## Required action
Beginning with the first line of the data below, extract each line up to and including the one containing "using isCont_imp_pos_nbhd[OF isCont_B[OF". Copy them exactly and add nothing.

*** Opening Material for this exercise ***

lemma vrho_plus_near_r1:
  "\<exists>d>0. \<exists>K. (\<forall>r. \<bar>r - r1\<bar> < d \<longrightarrow> rm < r \<and> r < rp) \<and>
     (\<forall>r. 0 < \<bar>r - r1\<bar> \<and> \<bar>r - r1\<bar> < d \<longrightarrow> 0 < vrho_plus A B r \<and> vrho_plus A B r \<le> K * \<bar>r - r1\<bar>)"
proof -
  obtain C e1 where "e1 > 0"
    and root: "\<And>r. \<bar>r - r1\<bar> < e1 \<Longrightarrow> A r + 1 = C r * (r - r1)\<^sup>2 \<and> C r > 0"
    using double_root by blast
  obtain e2 where "e2 > 0" and A_neg': "\<And>r. \<bar>r - r1\<bar> < e2 \<Longrightarrow> A r < 0"
    using A_neg by blast
  obtain e3 where "e3 > 0" and B_pos': "\<And>r. \<bar>r - r1\<bar> < e3 \<Longrightarrow> 0 < B r"
    using isCont_imp_pos_nbhd[OF isCont_B[OF r1_pos] B_pos] by blast
  obtain e4 L where "e4 > 0" and A_lip: "\<And>r. \<bar>r - r1\<bar> < e4 \<Longrightarrow> \<bar>A r - A r1\<bar> \<le> L * \<bar>r - r1\<bar>"
    using differentiable_at_imp_local_lipschitz[OF smooth_on_imp_differentiable[OF smoothA]] r1_pos
    by force
  define d where "d = min (min e1 e2) (min (min e3 e4) (min (r1 - rm) (rp - r1)))"
  have "0 < d" using \<open>e1 > 0\<close> \<open>e2 > 0\<close> \<open>e3 > 0\<close> \<open>e4 > 0\<close> r1_in by (simp add: d_def)
  have d_le: "d \<le> e1" "d \<le> e2" "d \<le> e3" "d \<le> e4" "d \<le> r1 - rm" "d \<le> rp - r1"
    by (simp_all add: d_def)
  have in_ergo: "rm < r \<and> r < rp" if "\<bar>r - r1\<bar> < d" for r
    using that d_le by (auto simp: abs_less_iff)
  have "0 < vrho_plus A B r \<and> vrho_plus A B r \<le> 2 * L * \<bar>r - r1\<bar>"
    if "0 < \<bar>r - r1\<bar>" "\<bar>r - r1\<bar> < d" for r
  proof -
    have "A r + 1 = C r * (r - r1)\<^sup>2" and "0 < C r * (r - r1)\<^sup>2"
      using root[of r] that d_le by simp_all
    then have "-1 < A r" by linarith
    moreover have "A r < 0" "0 < B r" "1 < (A r)\<^sup>2 + (B r)\<^sup>2"
      using A_neg' B_pos' ergo in_ergo that d_le by auto
    moreover have "2 * (1 + A r) \<le> 2 * L * \<bar>r - r1\<bar>"
      using A_lip[of r] A_r1 that d_le by simp
    ultimately show ?thesis
      using vrho_plus_bounds[of A r B] by force
  qed
  then show ?thesis using \<open>0 < d\<close> in_ergo by blast
qed

end

locale acoustic_horizon_nbhd = acoustic_double_root +
  fixes d K :: real
  assumes nbhd_in_ergoregion: "\<And>r. \<bar>r - r1\<bar> < d \<Longrightarrow> rm < r \<and> r < rp"
    and vrho_plus_nbhd: "\<And>r. 0 < \<bar>r - r1\<bar> \<Longrightarrow> \<bar>r - r1\<bar> < d \<Longrightarrow>
           0 < vrho_plus A B r \<and> vrho_plus A B r \<le> K * \<bar>r - r1\<bar>"
begin

lemma vrho_plus_below:
  assumes "r1 - d < x" "x < r1"
  shows "isCont (vrho_plus A B) x" "0 < vrho_plus A B x" "vrho_plus A B x \<le> K * (r1 - x)"
  using isCont_vrho_vphi_plus(1) nbhd_in_ergoregion[of x] vrho_plus_nbhd[of x] assms by auto

lemma vrho_plus_above_reflected:
  assumes "r1 - d < x" "x < r1"
  shows "isCont (\<lambda>x. vrho_plus A B (2 * r1 - x)) x" "0 < vrho_plus A B (2 * r1 - x)"
    "vrho_plus A B (2 * r1 - x) \<le> K * (r1 - x)"
proof -
  have "\<bar>(2 * r1 - x) - r1\<bar> = r1 - x" using assms by simp
  then show "0 < vrho_plus A B (2 * r1 - x)" "vrho_plus A B (2 * r1 - x) \<le> K * (r1 - x)"
    using vrho_plus_nbhd[of "2 * r1 - x"] assms by auto
  have "isCont (vrho_plus A B) (2 * r1 - x)"
    using isCont_vrho_vphi_plus(1) nbhd_in_ergoregion[of "2 * r1 - x"] assms by auto
  then show "isCont (\<lambda>x. vrho_plus A B (2 * r1 - x)) x"
    by (rule isCont_o2[rotated]) (intro continuous_intros)
qed

lemma forward_trajectory_exists:
  assumes "r1 - d < r0" "r0 < r1"
  shows "\<exists>rho phi. plus_trajectory A B rm rp {0..} rho phi \<and> rho 0 = r0 \<and> phi 0 = phi0"
proof -
  obtain rho where "rho 0 = r0" and rho: "\<And>t. 0 \<le> t \<Longrightarrow> r0 \<le> rho t \<and> rho t < r1 \<and>
      (rho has_real_derivative vrho_plus A B (rho t)) (at t)"
    using autonomous_ode_solution_exists[OF vrho_plus_below assms] by blast
  have in_ergo: "rm < rho t \<and> rho t < rp" if "0 \<le> t" for t
    using rho[OF that] assms nbhd_in_ergoregion[of "rho t"] by auto
  have "isCont (\<lambda>t. vphi_plus A B (rho t)) t" if "0 \<le> t" for t
    using isCont_o2[OF DERIV_isCont isCont_vrho_vphi_plus(2)] rho[OF that] in_ergo[OF that] by blast
  then obtain phi where "phi 0 = phi0"
    and phi: "\<And>t. 0 \<le> t \<Longrightarrow> (phi has_real_derivative vphi_plus A B (rho t)) (at t)"
    using exists_primitive_halfline by blast
  have "plus_trajectory A B rm rp {0..} rho phi"
    unfolding plus_trajectory_def using in_ergo rho phi by (auto intro: has_field_derivative_at_within)
  then show ?thesis using \<open>rho 0 = r0\<close> \<open>phi 0 = phi0\<close> by blast
qed
(* For every bracket pattern $w$, $\langle\!\langle w\rangle\!\rangle=\{w'\mid w'\text{ bracket pattern},\ A(w')\subseteq A(w)\}$.
   Context: $\mathbb N=\{1,2,\dots\}$, $\mathbb N_0=\mathbb N\cup\{0\}$. A bracket pattern is a non-empty finite subset $w\subseteq\mathbb N$; $\|w\|:=\max(w)$. For bracket patterns $w,w'$: superposition $w\cup w'$; for $j\in w$ the projection $\cap_j w:=\{i\in w\mid i\le j\}$; the dual $w^\dagger:=\{\|w\|-i\mid i\in\mathbb N_0,\ i<\|w\|,\ i\notin w\}$. A bracket pattern category is a set of bracket patterns closed under superposition, duals and projections; $\langle\!\langle w\rangle\!\rangle$ denotes the smallest bracket pattern category containing $w$. The completion of a bracket pattern $w$ is $A(w):=\{j-i\mid j\in w,\ i\in\mathbb N_0,\ i\notin w,\ i<j\}$. *)

theory Defs
  imports Main
begin

definition bracket_pattern :: "nat set \<Rightarrow> bool" where
  "bracket_pattern w \<longleftrightarrow> finite w \<and> w \<noteq> {} \<and> 0 \<notin> w"

definition bnorm :: "nat set \<Rightarrow> nat" where
  "bnorm w = Max w"

definition proj :: "nat \<Rightarrow> nat set \<Rightarrow> nat set" where
  "proj j w = {i \<in> w. i \<le> j}"

definition bdual :: "nat set \<Rightarrow> nat set" where
  "bdual w = {bnorm w - i | i. i < bnorm w \<and> i \<notin> w}"

definition bp_category :: "nat set set \<Rightarrow> bool" where
  "bp_category C \<longleftrightarrow>
     (\<forall>w\<in>C. bracket_pattern w) \<and>
     (\<forall>w\<in>C. \<forall>w'\<in>C. w \<union> w' \<in> C) \<and>
     (\<forall>w\<in>C. bdual w \<noteq> {} \<longrightarrow> bdual w \<in> C) \<and>
     (\<forall>w\<in>C. \<forall>j\<in>w. proj j w \<in> C)"

definition generated_cat :: "nat set \<Rightarrow> nat set set" where
  "generated_cat w = \<Inter> {C. bp_category C \<and> w \<in> C}"

definition completion :: "nat set \<Rightarrow> nat set" where
  "completion w = {j - i | j i. j \<in> w \<and> i \<notin> w \<and> i < j}"

end

theory Submission
  imports Defs
begin

text \<open>
  A pattern with completion inside \<open>A(w)\<close> is built in the category generated by \<open>w\<close> by
  induction on its maximum \<open>m\<close>. Since \<open>m \<in> A(y) \<subseteq> A(w)\<close>, say \<open>m = j - i\<close> with \<open>j \<in> w\<close>,
  \<open>i \<notin> w\<close>, the pattern \<open>\<inter>\<^sub>m (\<inter>\<^sub>j w)\<^sup>\<dagger>\<close> has maximum \<open>m\<close>. Adding to it \<open>y\<^sup>\<dagger>\<close> without its
  maximum (available by induction, as are all projections below the maximum) gives a pattern
  containing \<open>y\<^sup>\<dagger>\<close> with the same maximum, whose dual is therefore contained in \<open>y\<close> and contains
  \<open>m\<close>; together with \<open>y\<close> without its maximum this recovers \<open>y\<close>. Conversely, superposition,
  projections and duals do not enlarge the completion.
\<close>

lemma
  assumes "bracket_pattern v"
  shows bracket_pattern_Max_in: "Max v \<in> v"
    and bracket_pattern_le_Max: "x \<in> v \<Longrightarrow> x \<le> Max v"
    and bracket_pattern_pos: "x \<in> v \<Longrightarrow> 0 < x"
  using assms unfolding bracket_pattern_def by (auto intro: Max_in Max_ge gr0I)

lemma bracket_pattern_Un:
  "bracket_pattern v \<Longrightarrow> bracket_pattern v' \<Longrightarrow> bracket_pattern (v \<union> v')"
  unfolding bracket_pattern_def by auto

lemma mem_bdual_iff: "x \<in> bdual v \<longleftrightarrow> 0 < x \<and> x \<le> Max v \<and> Max v - x \<notin> v"
proof
  assume "x \<in> bdual v"
  then show "0 < x \<and> x \<le> Max v \<and> Max v - x \<notin> v"
    unfolding bdual_def bnorm_def by auto
next
  assume x: "0 < x \<and> x \<le> Max v \<and> Max v - x \<notin> v"
  then have "x = Max v - (Max v - x)" "Max v - x < Max v" by auto
  with x show "x \<in> bdual v"
    unfolding bdual_def bnorm_def by blast
qed

lemma
  assumes "bracket_pattern v"
  shows Max_in_bdual: "Max v \<in> bdual v"
    and Max_bdual: "Max (bdual v) = Max v"
    and bracket_pattern_bdual: "bracket_pattern (bdual v)"
proof -
  show max_in: "Max v \<in> bdual v"
    using assms bracket_pattern_pos[OF assms bracket_pattern_Max_in[OF assms]]
    unfolding mem_bdual_iff bracket_pattern_def by auto
  have bounded: "bdual v \<subseteq> {..Max v}"
    by (auto simp: mem_bdual_iff)
  then have "finite (bdual v)"
    by (rule finite_subset) simp
  with max_in bounded show "Max (bdual v) = Max v"
    by (auto intro: Max_eqI)
  have "0 \<notin> bdual v"
    by (simp add: mem_bdual_iff)
  with \<open>finite (bdual v)\<close> max_in show "bracket_pattern (bdual v)"
    unfolding bracket_pattern_def by blast
qed

lemma bdual_bdual:
  assumes "bracket_pattern v"
  shows "bdual (bdual v) = v"
proof (rule set_eqI)
  fix x
  have "x \<in> bdual (bdual v) \<longleftrightarrow> 0 < x \<and> x \<le> Max v \<and> Max v - x \<notin> bdual v"
    by (simp add: mem_bdual_iff Max_bdual[OF assms])
  also have "\<dots> \<longleftrightarrow> x \<in> v"
    using bracket_pattern_Max_in[OF assms] bracket_pattern_le_Max[OF assms]
      bracket_pattern_pos[OF assms]
    by (cases "x = Max v") (auto simp: mem_bdual_iff)
  finally show "x \<in> bdual (bdual v) \<longleftrightarrow> x \<in> v" .
qed

lemma bdual_antimono: "Max v = Max v' \<Longrightarrow> v \<subseteq> v' \<Longrightarrow> bdual v' \<subseteq> bdual v"
  by (auto simp: mem_bdual_iff)

lemma
  assumes "bracket_pattern v" and "j \<in> v"
  shows bracket_pattern_proj: "bracket_pattern (proj j v)"
    and Max_proj: "Max (proj j v) = j"
proof -
  have "finite (proj j v)" "j \<in> proj j v"
    using assms unfolding bracket_pattern_def proj_def by auto
  then show "bracket_pattern (proj j v)" "Max (proj j v) = j"
    using assms unfolding bracket_pattern_def proj_def by (auto intro: Max_eqI)
qed

lemma Diff_Max_eq_proj:
  assumes "bracket_pattern v" and "v - {Max v} \<noteq> {}"
  obtains k where "k \<in> v" "k < Max v" "proj k v = v - {Max v}"
proof
  have "finite (v - {Max v})"
    using assms(1) unfolding bracket_pattern_def by simp
  then have k: "Max (v - {Max v}) \<in> v - {Max v}" "\<And>x. x \<in> v - {Max v} \<Longrightarrow> x \<le> Max (v - {Max v})"
    using Max_in[OF _ assms(2)] Max_ge by auto
  then show "Max (v - {Max v}) \<in> v" "Max (v - {Max v}) < Max v"
    using bracket_pattern_le_Max[OF assms(1)] by (auto simp: le_less)
  with k show "proj (Max (v - {Max v})) v = v - {Max v}"
    unfolding proj_def by fastforce
qed

lemma mem_completion_iff: "x \<in> completion v \<longleftrightarrow> (\<exists>j i. j \<in> v \<and> i \<notin> v \<and> i < j \<and> x = j - i)"
  unfolding completion_def by auto

lemma Max_in_completion:
  assumes "bracket_pattern v"
  shows "Max v \<in> completion v"
proof -
  have "Max v \<in> v" "0 < Max v" "0 \<notin> v"
    using assms bracket_pattern_Max_in bracket_pattern_pos unfolding bracket_pattern_def by auto
  then show ?thesis
    unfolding mem_completion_iff by (intro exI[of _ "Max v"] exI[of _ 0]) simp
qed

lemma completion_Un_subset: "completion (v \<union> v') \<subseteq> completion v \<union> completion v'"
  unfolding completion_def by blast

lemma completion_proj_subset: "completion (proj j v) \<subseteq> completion v"
  unfolding mem_completion_iff proj_def subset_iff by force

text \<open>A difference \<open>j - i\<close> in the dual comes from the difference \<open>(m - i) - (m - j)\<close> in \<open>v\<close>,
  where \<open>m = Max v\<close>.\<close>

lemma completion_bdual_subset:
  assumes "bracket_pattern v"
  shows "completion (bdual v) \<subseteq> completion v"
proof
  fix x
  assume "x \<in> completion (bdual v)"
  then obtain j i where ji: "j \<in> bdual v" "i \<notin> bdual v" "i < j" "x = j - i"
    unfolding mem_completion_iff by blast
  then have j: "j \<le> Max v" "Max v - j \<notin> v"
    unfolding mem_bdual_iff by auto
  have "Max v - i \<in> v"
  proof (cases "i = 0")
    case True
    then show ?thesis using bracket_pattern_Max_in[OF assms] by simp
  next
    case False
    then show ?thesis using ji(2,3) j(1) unfolding mem_bdual_iff by auto
  qed
  with j ji(3,4) show "x \<in> completion v"
    unfolding mem_completion_iff by (intro exI[of _ "Max v - i"] exI[of _ "Max v - j"]) auto
qed

lemma
  assumes "bp_category C" and "v \<in> C"
  shows bp_category_bracket_pattern: "bracket_pattern v"
    and bp_category_Un: "v' \<in> C \<Longrightarrow> v \<union> v' \<in> C"
    and bp_category_proj: "j \<in> v \<Longrightarrow> proj j v \<in> C"
    and bp_category_bdual: "bdual v \<in> C"
proof -
  show bp: "bracket_pattern v"
    using assms unfolding bp_category_def by blast
  show "v' \<in> C \<Longrightarrow> v \<union> v' \<in> C" "j \<in> v \<Longrightarrow> proj j v \<in> C"
    using assms unfolding bp_category_def by blast+
  show "bdual v \<in> C"
    using assms Max_in_bdual[OF bp] unfolding bp_category_def by blast
qed

lemma bp_category_completion_bounded:
  "bp_category {v. bracket_pattern v \<and> completion v \<subseteq> completion w}"
  unfolding bp_category_def
  using bracket_pattern_Un completion_Un_subset bracket_pattern_bdual completion_bdual_subset
    bracket_pattern_proj completion_proj_subset
  by (blast intro: subset_trans)

lemma bp_category_Max_eq_completion_elem:
  assumes C: "bp_category C" and "w \<in> C" and "m \<in> completion w"
  obtains R where "R \<in> C" "Max R = m"
proof -
  obtain j i where ji: "j \<in> w" "i \<notin> w" "i < j" "m = j - i"
    using assms(3) unfolding mem_completion_iff by blast
  have bp: "bracket_pattern (proj j w)" "Max (proj j w) = j"
    using bracket_pattern_proj Max_proj bp_category_bracket_pattern[OF C \<open>w \<in> C\<close>] ji(1)
    by auto
  have m: "m \<in> bdual (proj j w)"
    using bp(2) ji unfolding mem_bdual_iff proj_def by auto
  show ?thesis
  proof
    show "proj m (bdual (proj j w)) \<in> C"
      using C \<open>w \<in> C\<close> ji(1) m by (intro bp_category_proj bp_category_bdual)
    show "Max (proj m (bdual (proj j w))) = m"
      using Max_proj[OF bracket_pattern_bdual[OF bp(1)] m] .
  qed
qed

lemma bp_category_insert_Max:
  assumes C: "bp_category C" and y: "bracket_pattern y"
    and R: "R \<in> C" "Max R = Max y"
    and lower_y: "y - {Max y} = {} \<or> y - {Max y} \<in> C"
    and lower_dual: "bdual y - {Max y} = {} \<or> bdual y - {Max y} \<in> C"
  shows "y \<in> C"
proof -
  define Q where "Q = (bdual y - {Max y}) \<union> R"
  have Q: "Q \<in> C"
    using lower_dual bp_category_Un[OF C _ R(1)] R(1) unfolding Q_def by (metis sup_bot_left)
  have R_bp: "bracket_pattern R"
    using bp_category_bracket_pattern[OF C R(1)] .
  have R_max: "Max y \<in> R"
    using bracket_pattern_Max_in[OF R_bp] R(2) by simp
  have R_le: "\<And>x. x \<in> R \<Longrightarrow> x \<le> Max y"
    using bracket_pattern_le_Max[OF R_bp] R(2) by simp
  have dual_max: "\<And>x. x \<in> bdual y \<Longrightarrow> x \<le> Max y"
    unfolding mem_bdual_iff by auto
  have "Max Q = Max y"
    using bp_category_bracket_pattern[OF C Q] R_max R_le dual_max unfolding Q_def bracket_pattern_def
    by (intro Max_eqI) auto
  moreover have "bdual y \<subseteq> Q"
    using R_max unfolding Q_def by auto
  ultimately have "bdual Q \<subseteq> y"
    using bdual_antimono[of "bdual y" Q] Max_bdual[OF y] bdual_bdual[OF y] by simp
  moreover have "Max y \<in> bdual Q"
    using Max_in_bdual[OF bp_category_bracket_pattern[OF C Q]] \<open>Max Q = Max y\<close> by simp
  ultimately have "y = (y - {Max y}) \<union> bdual Q"
    by blast
  moreover have "bdual Q \<in> C"
    using bp_category_bdual[OF C Q] .
  ultimately show "y \<in> C"
    using lower_y bp_category_Un[OF C _ \<open>bdual Q \<in> C\<close>] by (metis sup_bot_left)
qed

lemma completion_bounded_mem_bp_category:
  assumes C: "bp_category C" and "w \<in> C"
    and "bracket_pattern y" and "completion y \<subseteq> completion w"
  shows "y \<in> C"
  using assms(3,4)
proof (induction "Max y" arbitrary: y rule: less_induct)
  case less
  have lower: "v - {Max v} = {} \<or> v - {Max v} \<in> C"
    if v: "bracket_pattern v" "completion v \<subseteq> completion w" "Max v = Max y" for v
  proof (cases "v - {Max v} = {}")
    case False
    then obtain k where k: "k \<in> v" "k < Max v" "proj k v = v - {Max v}"
      using Diff_Max_eq_proj[OF v(1)] by blast
    have "proj k v \<in> C"
      using less.hyps[of "proj k v"] Max_proj[OF v(1) k(1)] bracket_pattern_proj[OF v(1) k(1)]
        completion_proj_subset[of k v] k(2) v(2,3)
      by auto
    with k(3) show ?thesis by simp
  qed simp
  obtain R where "R \<in> C" "Max R = Max y"
    using bp_category_Max_eq_completion_elem[OF C \<open>w \<in> C\<close>]
      Max_in_completion[OF less.prems(1)] less.prems(2) by blast
  moreover have "bdual y - {Max y} = {} \<or> bdual y - {Max y} \<in> C"
    using lower[of "bdual y"] bracket_pattern_bdual Max_bdual completion_bdual_subset less.prems
    by fastforce
  ultimately show "y \<in> C"
    using bp_category_insert_Max[OF C less.prems(1)] lower[OF less.prems] by blast
qed

theorem lemma7p9:
  assumes "bracket_pattern w"
  shows "generated_cat w = {w'. bracket_pattern w' \<and> completion w' \<subseteq> completion w}"
proof
  show "generated_cat w \<subseteq> {w'. bracket_pattern w' \<and> completion w' \<subseteq> completion w}"
    unfolding generated_cat_def using bp_category_completion_bounded assms by blast
  show "{w'. bracket_pattern w' \<and> completion w' \<subseteq> completion w} \<subseteq> generated_cat w"
    unfolding generated_cat_def using completion_bounded_mem_bp_category by blast
qed

end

*** Closing Material for this exercise ***

## Exercise result
lemma vrho_plus_near_r1:
  "\<exists>d>0. \<exists>K. (\<forall>r. \<bar>r - r1\<bar> < d \<longrightarrow> rm < r \<and> r < rp) \<and>
     (\<forall>r. 0 < \<bar>r - r1\<bar> \<and> \<bar>r - r1\<bar> < d \<longrightarrow> 0 < vrho_plus A B r \<and> vrho_plus A B r \<le> K * \<bar>r - r1\<bar>)"
proof -
  obtain C e1 where "e1 > 0"
    and root: "\<And>r. \<bar>r - r1\<bar> < e1 \<Longrightarrow> A r + 1 = C r * (r - r1)\<^sup>2 \<and> C r > 0"
    using double_root by blast
  obtain e2 where "e2 > 0" and A_neg': "\<And>r. \<bar>r - r1\<bar> < e2 \<Longrightarrow> A r < 0"
    using A_neg by blast
  obtain e3 where "e3 > 0" and B_pos': "\<And>r. \<bar>r - r1\<bar> < e3 \<Longrightarrow> 0 < B r"
    using isCont_imp_pos_nbhd[OF isCont_B[OF r1_pos] B_pos] by blast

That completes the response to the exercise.